Featured
In reserves: 'Conserving America’s Wildlands' combines dramatic photography with the NMMNHS collection
Ted Turner is an American entrepreneur, television producer, media proprietor and philanthropist.
The Turner family owns 23 properties across the United States — each with a goal of conservation.
Part of the effort is chronicled in the exhibit, “Conserving America’s Wildlands: The Vision of Ted Turner,” which is open at the New Mexico Museum of Natural History & Science.
The exhibit features wildland photography by his son, Rhett Turner.
In reserves: 'Conserving America’s Wildlands' combines dramatic photography with the NMMNHS collection
“There are three Turner properties (in New Mexico),” says Anthony Fiorillo, NMMNHS executive director. “I started asking questions about what stories could we tell to combine with the unique traveling exhibit. We wanted to look at how our permanent collections can be used to tie the story together.”
Turner owns more than one million acres of land in the state of New Mexico, which include the 550,000-acre Vermejo reserve in the northern, Rocky Mountain region; the 156,000-acre Ladder reserve at the base of the Black Range in the southern desert basin region; and the 360,000-acre Armendaris reserve in the Chihuahuan Desert.

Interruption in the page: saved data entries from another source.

lemma ddbm_ve_drift_tendsto:
  fixes xT m x :: "'a::real_normed_vector"
  assumes g_cont: "continuous_on {0..T} g" and g_nz: "\<And>z. z \<in> {0..T} \<Longrightarrow> g z \<noteq> 0"
    and s2: "\<And>z. z \<in> {0..T} \<Longrightarrow> (s2 has_real_derivative (g z)\<^sup>2) (at z within {0..T})"
    and t: "0 \<le> t" "t < T"
  shows "((\<lambda>\<gamma>. unidb_drift (\<lambda>_. 0) (\<lambda>_. 0) g T xT m \<gamma> t x)
    \<longlongrightarrow> ((g t)\<^sup>2 / (s2 T - s2 t)) *\<^sub>R (xT - x)) at_top"
proof -
  have fbar_0: "fbar (\<lambda>_. 0) a b = 0" for a b
    by (simp add: fbar_def)
  have ftc: "integral {t..T} (\<lambda>z. (g z)\<^sup>2) = s2 T - s2 t"
    using t by (intro fundamental_theorem_of_calculus_real has_field_derivative_subset[OF s2]) auto
  then have V: "exp (2 * fbar (\<lambda>_. 0) 0 T) * gbar2 (\<lambda>_. 0) g t T = s2 T - s2 t"
    by (simp add: gbar2_def fbar_0)
  have "0 < integral {t..T} (\<lambda>z. (g z)\<^sup>2)"
    using t g_nz
    by (intro integral_pos_if_continuous_pos continuous_on_subset[OF continuous_on_power[OF g_cont]]) auto
  then have "s2 T - s2 t \<noteq> 0"
    using ftc by simp
  moreover have H: "exp (fbar (\<lambda>_. 0) 0 T) * hbar (\<lambda>_. 0) (\<lambda>_. 0) t T = 0"
    by (simp add: hbar_def)
  ultimately show ?thesis
    using unidb_drift_tendsto[of "\<lambda>_. 0" t T 1, OF _ V H] by (simp add: fbar_0)
qed

lemma vp_alpha_pos: "0 < vp_alpha g t"
  by (simp add: vp_alpha_def)

lemma vp_sigma2_mult_snr_ratio:
  assumes "vp_alpha g s < 1" "vp_alpha g t < 1"
  shows "vp_sigma2 g s * (vp_snr g s / vp_snr g t - 1)
    = ((vp_alpha g s)\<^sup>2 - (vp_alpha g t)\<^sup>2) / (vp_alpha g t)\<^sup>2"
proof -
  have "(vp_alpha g s)\<^sup>2 < 1" "(vp_alpha g t)\<^sup>2 < 1"
    using assms vp_alpha_pos[of g] by (simp_all add: abs_square_less_1 abs_of_pos)
  then show ?thesis
    using vp_alpha_pos[of g t] unfolding vp_snr_def vp_sigma2_def by (simp add: field_simps)
qed
lemma mod2_nullity_ge2_if_isolated:
  assumes G: "simple_graph_on V E" and z: "z \<in> V" "\<forall>s\<in>V. \<not> E z s" and y: "y \<in> V" "y \<noteq> z"
  shows "mod2_nullity_ge2 V E"
proof -
  let ?x = "degree_mod2 V E" and ?u = "\<lambda>r. if r = z then 1 else 0 :: bit"
  have "\<not> E r z" if "r \<in> V" for r using G z that unfolding simple_graph_on_def by blast
  hence "null_vector V E ?x ?u"
    using z unfolding null_vector_def degree_mod2_def by (auto intro!: sum.neutral)
  moreover have "null_vector V E ?x (\<lambda>r. 1 + ?u r)"
    using null_vector_add[OF null_vector_ones calculation] .
  ultimately show ?thesis
    unfolding mod2_nullity_ge2_def using z y
    by (intro exI[of _ ?x] exI[of _ ?u] exI[of _ "\<lambda>r. 1 + ?u r"] conjI) (auto simp: bit_add_eq_0_iff)
qed

section \<open>The path has a unit \<open>(n-1)\<close>-minor\<close>

text \<open>Summing \<open>r i \<le> c (p i)\<close> over all rows gives equality, because both sides enumerate
  \<open>{0..<m}\<close>.\<close>

lemma permutation_on_relabelled_diagonal:
  fixes M :: "'a::zero mat"
  assumes r: "bij_betw r {0..<m} {0..<m}" and c: "bij_betw c {0..<m} {0..<m}"
    and upper: "\<And>i j. i < m \<Longrightarrow> j < m \<Longrightarrow> M $$ (i, j) \<noteq> 0 \<Longrightarrow> r i \<le> c j"
    and p: "p permutes {0..<m}" and nz: "\<forall>i<m. M $$ (i, p i) \<noteq> 0" and i: "i < m"
  shows "c (p i) = r i"
proof -
  have pb: "bij_betw p {0..<m} {0..<m}" using p by (rule permutes_imp_bij)
  have le: "\<forall>i\<in>{0..<m}. r i \<le> c (p i)" using upper nz p by (auto simp: permutes_in_image)
  have sums: "(\<Sum>i\<in>{0..<m}. c (p i)) = (\<Sum>i\<in>{0..<m}. r i)"
    using sum.reindex_bij_betw[OF bij_betw_trans[OF pb c], of id] sum.reindex_bij_betw[OF r, of id]
    by simp
  show ?thesis by (rule sum_mono_inv[OF sums[symmetric], symmetric]) (use le i in auto)
qed

text \<open>Hence only the permutation \<open>c\<inverse> \<circ> r\<close> survives in the Leibniz expansion.\<close>

lemma det_dvd_one_if_triangular_up_to_relabelling:
  fixes M :: "'a::comm_ring_1 mat"
  assumes M: "M \<in> carrier_mat m m"
    and r: "bij_betw r {0..<m} {0..<m}" and c: "bij_betw c {0..<m} {0..<m}"
    and upper: "\<And>i j. i < m \<Longrightarrow> j < m \<Longrightarrow> M $$ (i, j) \<noteq> 0 \<Longrightarrow> r i \<le> c j"
    and diag: "\<And>i j. i < m \<Longrightarrow> j < m \<Longrightarrow> r i = c j \<Longrightarrow> M $$ (i, j) dvd 1"
  shows "det M dvd 1"
proof -
  define p0 where "p0 i = (if i < m then the_inv_into {0..<m} c (r i) else i)" for i
  have p0: "c (p0 i) = r i" "p0 i < m" if "i < m" for i
  proof -
    have "r i \<in> {0..<m}" using r that unfolding bij_betw_def by auto
    thus "c (p0 i) = r i" "p0 i < m"
      using f_the_inv_into_f_bij_betw[OF c] the_inv_into_into[of c "{0..<m}" "r i" "{0..<m}"] c that
      unfolding p0_def bij_betw_def by auto
  qed
  have p0_perm: "p0 permutes {0..<m}"
  proof (rule bij_imp_permutes)
    have "bij_betw (the_inv_into {0..<m} c \<circ> r) {0..<m} {0..<m}"
      by (rule bij_betw_trans[OF r bij_betw_the_inv_into[OF c]])
    thus "bij_betw p0 {0..<m} {0..<m}" by (rule bij_betw_cong[THEN iffD1, rotated]) (simp add: p0_def)
  qed (simp add: p0_def)
  have unique: "p = p0" if p: "p permutes {0..<m}" and nz: "\<forall>i<m. M $$ (i, p i) \<noteq> 0" for p
  proof -
    have "c (p i) = c (p0 i)" if "i < m" for i
      using permutation_on_relabelled_diagonal[OF r c upper p nz that] p0 that by simp
    hence "p i = p0 i" if "i < m" for i
      using that p0(2) permutes_in_image[OF p] c unfolding bij_betw_def inj_on_def by auto
    moreover have "p i = p0 i" if "\<not> i < m" for i using permutes_not_in[OF p] that by (simp add: p0_def)
    ultimately show ?thesis by blast
  qed
  have "det M = signof p0 * (\<Prod>i = 0..<m. M $$ (i, p0 i))"
  proof -
    let ?g = "\<lambda>p. signof p * (\<Prod>i = 0..<m. M $$ (i, p i))"
    have "det M = (\<Sum>p\<in>{p. p permutes {0..<m}}. ?g p)" using M by (simp add: det_def)
    also have "\<dots> = ?g p0 + (\<Sum>p\<in>{p. p permutes {0..<m}} - {p0}. ?g p)"
      by (rule sum.remove) (use p0_perm finite_permutations in auto)
    also have "(\<Sum>p\<in>{p. p permutes {0..<m}} - {p0}. ?g p) = 0"
    proof (intro sum.neutral ballI)
      fix p assume "p \<in> {p. p permutes {0..<m}} - {p0}"
      then obtain i where "i < m" "M $$ (i, p i) = 0" using unique by blast
      hence "(\<Prod>i = 0..<m. M $$ (i, p i)) = 0" by (intro prod_zero) auto
      thus "?g p = 0" by simp
    qed
    finally show ?thesis by simp
  qed
  moreover have "signof p0 dvd (1::'a)" by (simp add: sign_def)
  moreover have "(\<Prod>i = 0..<m. M $$ (i, p0 i)) dvd 1" 
    using prod_dvd_prod[of "{0..<m}" "\<lambda>i. M $$ (i, p0 i)" "\<lambda>_. 1"] diag p0 by simp
  ultimately show ?thesis by simp
qed

lemma bij_betw_pred: "bij_betw (\<lambda>t. t - 1) ({0..<n} - {0}) {0..<n - 1 :: nat}"
proof -
  have "(\<lambda>t. t - 1) ` ({0..<n} - {0}) = {0..<n - 1}"
  proof
    show "{0..<n - 1} \<subseteq> (\<lambda>t. t - 1) ` ({0..<n} - {0})"
    proof
      fix t assume "t \<in> {0..<n - 1}"
      thus "t \<in> (\<lambda>t. t - 1) ` ({0..<n} - {0})" by (intro image_eqI[of t _ "Suc t"]) auto
    qed
  qed auto
  moreover have "inj_on (\<lambda>t. t - 1) ({0..<n} - {0})" by (auto simp: inj_on_def)
  ultimately show ?thesis by (simp add: bij_betw_def)
qed

lemma bij_betw_pick_Diff:
  assumes f: "bij_betw f {0..<n} {0..<n}" and a: "a < n"
  shows "bij_betw (\<lambda>i. f (pick ({0..<n} - {a}) i)) {0..<n - 1} ({0..<n} - {f a})"
proof -
  have "bij_betw f ({0..<n} - {a}) ({0..<n} - {f a})"
    using a bij_betwE[OF f] by (intro bij_betw_DiffI[OF f]) auto
  from bij_betw_trans[OF bij_betw_pick this] show ?thesis using a by (simp add: comp_def)
qed
(* Let $d\ge2$, $j\in[d-1]$, $j\le k\le d$, $R$ an abelian group, and let $M=(K,C)$ be a copy of $M_{j,k}$ in a simplicial complex $\mathcal G$ on $[n]$. Let $f$ be a $j$-cochain of $\mathcal G$ with coefficients in $R$ whose support is contained in the flower $\mathcal F(K,C)$. Then: (i) $f$ is a $j$-cocycle if and only if $f=f_{M,r}$ for some $r\in R$; (ii) if there exist $w\in K\setminus C$ and $a\in[n]\setminus K$ such that $(K,C,w,a)$ is a copy of $\hat M_{j,k}$ in $\mathcal G$, then $f$ is a $j$-cocycle but not a $j$-coboundary if and only if $f=f_{M,r}$ for some $r\in R\setminus\{0_R\}$.
   Context: Cochains: a $j$-cochain is a function $f$ from ordered $j$-simplices $[v_0,\dots,v_j]$ of $\mathcal G$ to $R$ with $f(\sigma)=-f(\sigma')$ when $\sigma'$ is obtained by swapping two vertices; its support is the set of unordered $j$-simplices with nonzero value. The coboundary is $(\delta^jf)([v_0,\dots,v_{j+1}])=\sum_{i=0}^{j+1}(-1)^if([v_0,\dots,\hat v_i,\dots,v_{j+1}])$; $j$-cocycles are elements of $\ker\delta^j$, $j$-coboundaries elements of $\operatorname{im}\delta^{j-1}$. Flowers: for a $k$-simplex $K$ and $C\subset K$ with $|C|=j$, $\mathcal F(K,C)=\{C\cup\{w\}\mid w\in K\setminus C\}$ (its elements are petals). A $(j+2)$-set is a $j$-shell if all its $(j+1)$-subsets are $j$-simplices. Copies: for $j+1\le k\le d$, $(K,C)$ is a copy of $M_{j,k}$ if $K$ is a $k$-simplex of $\mathcal G$ and $C\subset K$, $|C|=j$, such that every simplex of $\mathcal G$ containing a petal of $\mathcal F(K,C)$ is contained in $K$; $(K,C)$ is a copy of $M_{j,j}$ if $K$ is an isolated $j$-simplex (in no other simplex of $\mathcal G$) and $C$ is the set of first $j$ vertices of $K$ in increasing order. $(K,C,w,a)$ is a copy of $\hat M_{j,k}$ ($j+1\le k\le d$) if $(K,C)$ is a copy of $M_{j,k}$, $w\in K\setminus C$, $a\in[n]\setminus K$ and $C\cup\{w,a\}$ is a $j$-shell; for $k=j$, $(K,C,w,a)$ is a copy of $\hat M_{j,j}$ if $(K,C)$ is a copy of $M_{j,j}$, $w$ is the last vertex of $K$ in increasing order, $a\notin K$ and $K\cup\{a\}$ is a $j$-shell. $f_{M,r}$: let $v_0,\dots,v_{n-1}$ be the ordering of $[n]$ with $C=\{v_0,\dots,v_{j-1}\}$, $K=\{v_0,\dots,v_k\}$, and vertices within $C$, within $K\setminus C$ and within $[n]\setminus K$ in increasing order. For $r\in R$, $f_{M,r}([v_{i_0},\dots,v_{i_j}])$ with $i_0<\dots<i_j$ equals $r$ if $i_s=s$ for $0\le s\le j-1$ and $j\le i_j\le k$, and $0_R$ otherwise, extended to all orderings alternatingly. *)

theory Defs
  imports Main
begin
lemma integrable_PiM_measure_pmf_finite:
  fixes f :: "('i \<Rightarrow> 'a::finite) \<Rightarrow> 'b::{banach, second_countable_topology}"
  assumes "finite I"
  shows "integrable (PiM I (\<lambda>i. measure_pmf (p i))) f"
proof -
  interpret prob_space "PiM I (\<lambda>i. measure_pmf (p i))"
    by (intro prob_space_PiM prob_space_measure_pmf)
  have "finite (PiE I (\<lambda>_. UNIV :: 'a set))"
    using assms by (intro finite_PiE) auto
  then have "norm (f b) \<le> (\<Sum>b'\<in>PiE I (\<lambda>_. UNIV). norm (f b'))" if "b \<in> PiE I (\<lambda>_. UNIV)" for b
    using that by (intro member_le_sum) auto
  then show ?thesis
    using assms by (intro integrable_const_bound[where B="\<Sum>b'\<in>PiE I (\<lambda>_. UNIV). norm (f b')"] AE_I2
        measurable_PiM_measure_pmf_finite) (auto simp: space_PiM)
qed

lemma prob_space_channel_space: "prob_space (channel_space L p)"
proof -
  interpret blockage: prob_space "PiM {..<L} (\<lambda>_. measure_pmf (bernoulli_pmf (1 - p)))"
    by (intro prob_space_PiM prob_space_measure_pmf)
  interpret phases: prob_space "PiM {..<L} (\<lambda>_. phase_measure)"
    by (intro prob_space_PiM prob_space_phase_measure)
  interpret pair_prob_space "PiM {..<L} (\<lambda>_. measure_pmf (bernoulli_pmf (1 - p)))"
      "PiM {..<L} (\<lambda>_. phase_measure)" ..
  show ?thesis
    unfolding channel_space_def by (rule P.prob_space_axioms)
qed

lemma space_channel_space:
  "space (channel_space L p) = PiE {..<L} (\<lambda>_. UNIV) \<times> PiE {..<L} (\<lambda>_. UNIV)"
  unfolding channel_space_def by (simp add: space_pair_measure space_PiM)

lemma
  fixes G :: "(nat \<Rightarrow> bool) \<Rightarrow> 'a::{real_normed_field, banach, second_countable_topology}"
    and g :: "(nat \<Rightarrow> real) \<Rightarrow> 'a"
  assumes "integrable (PiM {..<L} (\<lambda>_. phase_measure)) g"
  shows integrable_channel_space_mult:
      "integrable (channel_space L p) (\<lambda>\<omega>. G (fst \<omega>) * g (snd \<omega>))"
    and integral_channel_space_mult:
      "(\<integral>\<omega>. G (fst \<omega>) * g (snd \<omega>) \<partial>channel_space L p)
        = (\<integral>b. G b \<partial>PiM {..<L} (\<lambda>_. measure_pmf (bernoulli_pmf (1 - p))))
          * (\<integral>\<theta>. g \<theta> \<partial>PiM {..<L} (\<lambda>_. phase_measure))"
proof -
  interpret blockage: prob_space "PiM {..<L} (\<lambda>_. measure_pmf (bernoulli_pmf (1 - p)))"
    by (intro prob_space_PiM prob_space_measure_pmf)
  interpret phases: prob_space "PiM {..<L} (\<lambda>_. phase_measure)"
    by (intro prob_space_PiM prob_space_phase_measure)
  interpret pair_sigma_finite "PiM {..<L} (\<lambda>_. measure_pmf (bernoulli_pmf (1 - p)))"
      "PiM {..<L} (\<lambda>_. phase_measure)" ..
  have G: "integrable (PiM {..<L} (\<lambda>_. measure_pmf (bernoulli_pmf (1 - p)))) G"
    by (rule integrable_PiM_measure_pmf_finite) simp
  show "integrable (channel_space L p) (\<lambda>\<omega>. G (fst \<omega>) * g (snd \<omega>))"
    unfolding channel_space_def using G assms by (rule integrable_mult_fst_snd)
  show "(\<integral>\<omega>. G (fst \<omega>) * g (snd \<omega>) \<partial>channel_space L p)
        = (\<integral>b. G b \<partial>PiM {..<L} (\<lambda>_. measure_pmf (bernoulli_pmf (1 - p))))
          * (\<integral>\<theta>. g \<theta> \<partial>PiM {..<L} (\<lambda>_. phase_measure))"
    unfolding channel_space_def using G assms by (rule integral_mult_fst_snd)
qed

lemma integrable_channel_space_fst: "integrable (channel_space L p) (\<lambda>\<omega>. G (fst \<omega>) :: real)"
proof -
  interpret phases: prob_space "PiM {..<L} (\<lambda>_. phase_measure)"
    by (intro prob_space_PiM prob_space_phase_measure)
  show ?thesis
    using integrable_channel_space_mult[where G=G and g="\<lambda>_. 1" and L=L and p=p] by simp
qed

lemma
  fixes G :: "nat \<Rightarrow> nat \<Rightarrow> (nat \<Rightarrow> bool) \<Rightarrow> complex"
  shows integrable_channel_space_cross_terms:
      "integrable (channel_space L p)
        (\<lambda>\<omega>. \<Sum>i<L. \<Sum>k\<in>{..<L}-{i}. Re (G i k (fst \<omega>) * (cnj (cis (snd \<omega> i)) * cis (snd \<omega> k))))"
    and integral_channel_space_cross_terms:
      "(\<integral>\<omega>. (\<Sum>i<L. \<Sum>k\<in>{..<L}-{i}. Re (G i k (fst \<omega>) * (cnj (cis (snd \<omega> i)) * cis (snd \<omega> k))))
        \<partial>channel_space L p) = 0"
proof -
  let ?X = "\<lambda>\<omega>. \<Sum>i<L. \<Sum>k\<in>{..<L}-{i}. Re (G i k (fst \<omega>) * (cnj (cis (snd \<omega> i)) * cis (snd \<omega> k)))"
  let ?Z = "\<lambda>i k \<omega>. G i k (fst \<omega>) * (cnj (cis (snd \<omega> i)) * cis (snd \<omega> k))"
  have "has_bochner_integral (channel_space L p) (?Z i k) 0"
    if "i < L" "k \<in> {..<L}-{i}" for i k
  proof -
    let ?g = "\<lambda>\<theta>. cnj (cis (\<theta> i)) * cis (\<theta> k)"
    have "integrable (PiM {..<L} (\<lambda>_. phase_measure)) ?g"
      and "integral\<^sup>L (PiM {..<L} (\<lambda>_. phase_measure)) ?g = 0"
      using that by (intro integrable_cnj_cis_mult_cis_PiM integral_cnj_cis_mult_cis_PiM; auto)+
    then show ?thesis
      using integrable_channel_space_mult[where G="G i k" and g="?g"]
        integral_channel_space_mult[where G="G i k" and g="?g"]
      by (simp add: has_bochner_integral_iff)
  qed
  then have "has_bochner_integral (channel_space L p)
      (\<lambda>\<omega>. \<Sum>i<L. \<Sum>k\<in>{..<L}-{i}. Re (?Z i k \<omega>)) (\<Sum>i<L. \<Sum>k\<in>{..<L}-{i}. Re 0)"
    by (intro has_bochner_integral_sum has_bochner_integral_Re) auto
  then have X: "has_bochner_integral (channel_space L p) ?X 0"
    by (simp only: zero_complex.sel sum.neutral_const)
  then show "integrable (channel_space L p) ?X" and "integral\<^sup>L (channel_space L p) ?X = 0"
    unfolding has_bochner_integral_iff by blast+
qed

lemma log_le_tangent:
  fixes c x y :: real
  assumes "1 < c" "0 < x" "0 < y"
  shows "log c y \<le> log c x + (y - x) / (x * ln c)"
proof -
  have "ln y - ln x = ln (y / x)"
    using assms by (simp add: ln_div)
  also have "\<dots> \<le> y / x - 1"
    using assms by (intro ln_le_minus_one) simp
  also have "\<dots> = (y - x) / x"
    using assms by (simp add: field_simps)
  finally have "ln y \<le> ln x + (y - x) / x" by simp
  then have "ln y / ln c \<le> (ln x + (y - x) / x) / ln c"
    using assms by (intro divide_right_mono) auto
  then show ?thesis
    by (simp add: log_def add_divide_distrib)
qed

lemma quad_form_split_diagonal:
  "quad_form L A v = (\<Sum>i<L. cnj (v i) * A i i * v i) + (\<Sum>i<L. \<Sum>k\<in>{..<L}-{i}. cnj (v i) * A i k * v k)"
  unfolding quad_form_def by (simp add: sum.remove[of "{..<L}"] sum.distrib)

lemma cnj_chan_h_mult_chan_h:
  "cnj (chan_h b \<theta> i) * z * chan_h b \<theta> k = of_bool (b i \<and> b k) * z * (cnj (cis (\<theta> i)) * cis (\<theta> k))"
  by (simp add: chan_h_def)

lemma quad_form_chan_h:
  "quad_form L A (chan_h b \<theta>) = (\<Sum>i<L. of_bool (b i) * A i i)
     + (\<Sum>i<L. \<Sum>k\<in>{..<L}-{i}. of_bool (b i \<and> b k) * A i k * (cnj (cis (\<theta> i)) * cis (\<theta> k)))"
  by (simp add: quad_form_split_diagonal cnj_chan_h_mult_chan_h cis_cnj cis_mult)

lemma sum_of_bool_mult_lessThan:
  fixes L :: nat and x :: "'a::semiring_1"
  shows "(\<Sum>i<L. of_bool (b i) * x) = of_nat (card {l. l < L \<and> b l}) * x"
proof -
  have "{l. l < L \<and> b l} = {..<L} \<inter> {l. b l}"
    by auto
  then show ?thesis
    by simp
qed

lemma Re_diagonal_le_card:
  fixes L :: nat
  assumes "\<And>l. l < L \<Longrightarrow> Re (A l l) \<le> P"
  shows "Re (\<Sum>i<L. of_bool (b i) * A i i) \<le> real (card {l. l < L \<and> b l}) * P"
proof -
  have "Re (\<Sum>i<L. of_bool (b i) * A i i) \<le> (\<Sum>i<L. of_bool (b i) * P)"
    unfolding Re_sum using assms by (intro sum_mono) auto
  then show ?thesis
    by (simp only: sum_of_bool_mult_lessThan)
qed

lemma log_one_plus_quad_form_chan_h_le:
  fixes c P :: real and L :: nat and b :: "nat \<Rightarrow> bool" and A :: "nat \<Rightarrow> nat \<Rightarrow> complex"
  assumes c: "1 < c" and P: "0 \<le> P" and A: "psd_mat L A" and diag: "\<And>l. l < L \<Longrightarrow> Re (A l l) \<le> P"
  defines "a \<equiv> real (card {l. l < L \<and> b l}) * P"
  shows "log c (1 + Re (quad_form L A (chan_h b \<theta>)))
    \<le> log c (1 + a) + (\<Sum>i<L. \<Sum>k\<in>{..<L}-{i}.
        Re (of_bool (b i \<and> b k) * A i k / of_real ((1 + a) * ln c) * (cnj (cis (\<theta> i)) * cis (\<theta> k))))"
proof -
  let ?q = "Re (quad_form L A (chan_h b \<theta>))"
  let ?D = "Re (\<Sum>i<L. of_bool (b i) * A i i)"
  let ?O = "Re (\<Sum>i<L. \<Sum>k\<in>{..<L}-{i}. of_bool (b i \<and> b k) * A i k * (cnj (cis (\<theta> i)) * cis (\<theta> k)))"
  have q: "?q = ?D + ?O"
    by (simp only: quad_form_chan_h plus_complex.sel)
  have "0 \<le> ?q"
    using A by (simp add: psd_mat_def)
  moreover have "0 \<le> a"
    using P by (simp add: a_def)
  ultimately have "log c (1 + ?q) \<le> log c (1 + a) + (?q - a) / ((1 + a) * ln c)"
    using log_le_tangent[OF c, of "1 + a" "1 + ?q"] by simp
  also have "(?q - a) / ((1 + a) * ln c) \<le> ?O / ((1 + a) * ln c)"
    using q Re_diagonal_le_card[where A=A and P=P and b=b, OF diag] c \<open>0 \<le> a\<close>
    by (intro divide_right_mono) (auto simp: a_def)
  also have "?O / ((1 + a) * ln c) = (\<Sum>i<L. \<Sum>k\<in>{..<L}-{i}.
        Re (of_bool (b i \<and> b k) * A i k / of_real ((1 + a) * ln c) * (cnj (cis (\<theta> i)) * cis (\<theta> k))))"
    by (simp add: Re_sum sum_divide_distrib Re_divide_of_real mult_ac)
  finally show ?thesis by simp
qed

lemma admissible_expected_rate_le:
  fixes c P :: real
  assumes c: "1 < c" and P: "0 \<le> P" and Q: "Q \<in> admissible_Q L P"
  shows "(\<integral>\<omega>. log c (1 + Re (quad_form L (Q (fst \<omega>)) (chan_h (fst \<omega>) (snd \<omega>)))) \<partial>channel_space L p)
    \<le> (\<integral>\<omega>. log c (1 + real (card {l. l < L \<and> fst \<omega> l}) * P) \<partial>channel_space L p)"
    (is "integral\<^sup>L _ ?rate \<le> integral\<^sup>L _ ?cap")
proof -
  interpret prob_space "channel_space L p"
    by (rule prob_space_channel_space)
  have cap_nonneg: "0 \<le> integral\<^sup>L (channel_space L p) ?cap"
  proof (intro Bochner_Integration.integral_nonneg)
    fix \<omega> :: "(nat \<Rightarrow> bool) \<times> (nat \<Rightarrow> real)"
    have "0 < 1 + real (card {l. l < L \<and> fst \<omega> l}) * P"
      using P by (simp add: add_pos_nonneg)
    then show "0 \<le> ?cap \<omega>"
      using c P by simp
  qed
  show ?thesis
  proof (cases "integrable (channel_space L p) ?rate")
    case False
    then show ?thesis
      using cap_nonneg by (simp add: not_integrable_integral_eq)
  next
    case True
    define G where "G i k b = of_bool (b i \<and> b k) * Q b i k
      / of_real ((1 + real (card {l. l < L \<and> b l}) * P) * ln c)" for i k b
    let ?X = "\<lambda>\<omega>. \<Sum>i<L. \<Sum>k\<in>{..<L}-{i}. Re (G i k (fst \<omega>) * (cnj (cis (snd \<omega> i)) * cis (snd \<omega> k)))"
    have cap_int: "integrable (channel_space L p) ?cap"
      by (rule integrable_channel_space_fst)
    have "integral\<^sup>L (channel_space L p) ?rate \<le> (\<integral>\<omega>. ?cap \<omega> + ?X \<omega> \<partial>channel_space L p)"
    proof (intro integral_mono True Bochner_Integration.integrable_add cap_int
        integrable_channel_space_cross_terms)
      fix \<omega> assume "\<omega> \<in> space (channel_space L p)"
      then have "fst \<omega> \<in> PiE {..<L} (\<lambda>_. UNIV)"
        by (auto simp: space_channel_space mem_Times_iff)
      then have "psd_mat L (Q (fst \<omega>))" "\<And>l. l < L \<Longrightarrow> Re (Q (fst \<omega>) l l) \<le> P"
        using Q unfolding admissible_Q_def by blast+
      from log_one_plus_quad_form_chan_h_le[OF c P this]
      show "?rate \<omega> \<le> ?cap \<omega> + ?X \<omega>"
        by (simp add: G_def)
    qed
    also have "\<dots> = integral\<^sup>L (channel_space L p) ?cap"
      using cap_int integrable_channel_space_cross_terms integral_channel_space_cross_terms
      by (simp only: Bochner_Integration.integral_add add_0_right)
    finally show ?thesis .
  qed
qed

definition scalar_mat :: "'a::zero \<Rightarrow> nat \<Rightarrow> nat \<Rightarrow> 'a" where
  "scalar_mat a i k = (if i = k then a else 0)"

lemma quad_form_scalar_mat: "quad_form L (scalar_mat a) v = (\<Sum>i<L. cnj (v i) * a * v i)"
  by (simp add: quad_form_split_diagonal scalar_mat_def)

The reserves are home to a variety of large land conservation and endangered species efforts, including the restoration of vital habitats, reintroduction of native flora and fauna and forest management to protect the state from catastrophic wildfires.
“Conserving America’s Wildlands” showcases dramatic landscape panoramas and wildlife portraits that capture a herd of bison on the move with calves in tow, and a mountain laurel plant as it springs into bloom.
Dozens of high-resolution images capturing the diversity of landscapes that comprise our nation — mangrove swamps, grasslands, old-growth forests and barrier islands — will be on view as part of the exhibition.
These images will be accompanied by more than 35 objects from NMMNHS Research Collections — the largest of its kind in the Southwestern United States — and the University of New Mexico’s Museum of Southwestern Biology.
These specimens range from the present day to more than 65 million years ago, including fossils from a Sierraceratops turneri discovered on a Turner property in New Mexico, a hadrosaur femur, and skulls and horns from three different bison, one modern and two extinct. The exhibition also showcases a grizzly bear skull from the last known specimen in New Mexico, alongside a skull from the gray wolf that began reintroduction efforts in New Mexico.
“It’s compelling because of its aesthetic value,” Fiorillo says. “It’s also got a compelling conservation story. It’s highlighted by actual specimens that the public doesn’t usually get to see.”
Matt Celeskey, NMMNHS head of exhibits, and his team took on the challenge of pairing specimens from the museum’s permanent collection to the photographs.
He says there are a lot of New Mexico conservation stories tied in with the Turner properties and the museum’s collections.
“There’s critical conservation stories happening in every corner of New Mexico and we have a lot of big stories to tell here,” he says. “But this exhibit is part of a larger effort about appreciating the experience of wild lands and gathering knowledge of how to preserve those areas.”
Fiorillo says this is the second stop for the traveling exhibit.
In the 2023 Legislative session, Turner and the Turner Foundation were recognized for philanthropy and contribution to large land conservation.
Senate Memorial 62 was introduced and sponsored by Senator Joseph Cervantes, Democratic Senator from District 31, who is also a standing member of the Senate Conservation Committee.
The bill recognizes Ted Turner as the largest private landowner in New Mexico, converting the historic properties he owns into nature reserves to share with the public, and honors the Turner Foundation for philanthropic donations of nearly $1.2 million in grants to various youth, conservation and education organizations in New Mexico.
The bill also observes that Ted Turner Reserves, the hospitality company behind the guest operations on these New Mexico properties, has contributed more than $2.8 million in tax revenues to the state since its conception in 2019.
Rhett Turner has built upon his father’s legacy as an Emmy Award-winning filmmaker and acclaimed photographer.
“Rhett Turner’s stunning photography captures some of America’s wildest places and the flora and fauna that inhabit them as they are meant to be perceived,” Fiorillo says. “These striking photos will be paired with never-before-seen specimens from the museum’s research collections, reminding us that life on our planet is always worthy of conservation.”